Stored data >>

= Beginning of Section =

(* Let $G$ be a topological gyrogroup. Then the map $i_G:G\to G^{\bullet}$, $i_G(x)=x^{\bullet}$ where $x^{\bullet}(r)=x$ for all $r\in J$, is an injective groupoid homomorphism which is a homeomorphism onto its image, and $i_G(G)$ is a closed subgyrogroup of the pathwise connected, locally pathwise connected topological gyrogroup $G^{\bullet}$.
   Context: A gyrogroup is a set $G$ with a binary operation $\oplus$ such that: (G1) there is a unique identity $0$ with $0\oplus a=a=a\oplus 0$; (G2) each $x$ has a unique inverse $\ominus x$ with $\ominus x\oplus x=0=x\oplus(\ominus x)$; (G3) for all $x,y$ there is an automorphism $\mathrm{gyr}[x,y]$ of $(G,\oplus)$ with $x\oplus(y\oplus z)=(x\oplus y)\oplus \mathrm{gyr}[x,y](z)$ for all $z$; (G4) $\mathrm{gyr}[x\oplus y,y]=\mathrm{gyr}[x,y]$. A topological gyrogroup is a gyrogroup with a topology (all spaces are assumed $T_1$) such that $\oplus$ is jointly continuous and $x\mapsto\ominus x$ is continuous. A subgyrogroup of $G$ is a nonempty $H\subseteq G$ that is a gyrogroup under the inherited operation and such that for all $a,b\in H$ the restriction of $\mathrm{gyr}[a,b]$ to $H$ is an automorphism of $H$. A groupoid homomorphism is a map $\varphi$ with $\varphi(x\oplus y)=\varphi(x)\oplus\varphi(y)$. Construction: let $J=[0,1)$ and let $G^{\bullet}$ be the set of all functions $f:J\to G$ for which there exist $0=a_0<a_1<\dots<a_n=1$ with $f$ constant on each $[a_k,a_{k+1})$, with pointwise operation $(f\oplus^{\bullet}g)(r)=f(r)\oplus g(r)$ (a gyrogroup with identity $\mathbf{0}^{\bullet}\equiv0$). For an open neighbourhood $V$ of $0$ in $G$ and $\varepsilon>0$ let $O(V,\varepsilon)=\{f\in G^{\bullet}:\mu(\{r\in J: f(r)\notin V\})<\varepsilon\}$, $\mu$ Lebesgue measure. $G^{\bullet}$ carries the (Hausdorff) topological gyrogroup topology in which the sets $f\oplus^{\bullet}O(V,\varepsilon)$ form a local base at each $f\in G^{\bullet}$. *)

theory Defs
  imports "HOL-Analysis.Analysis"
begin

= End of Section =

Assignment >>
Find "theory Defs" in the data above, then repeat that line and all lines after it exactly, ending with the final line.

Response box >>
theory Defs
  imports "HOL-Analysis.Analysis"
begin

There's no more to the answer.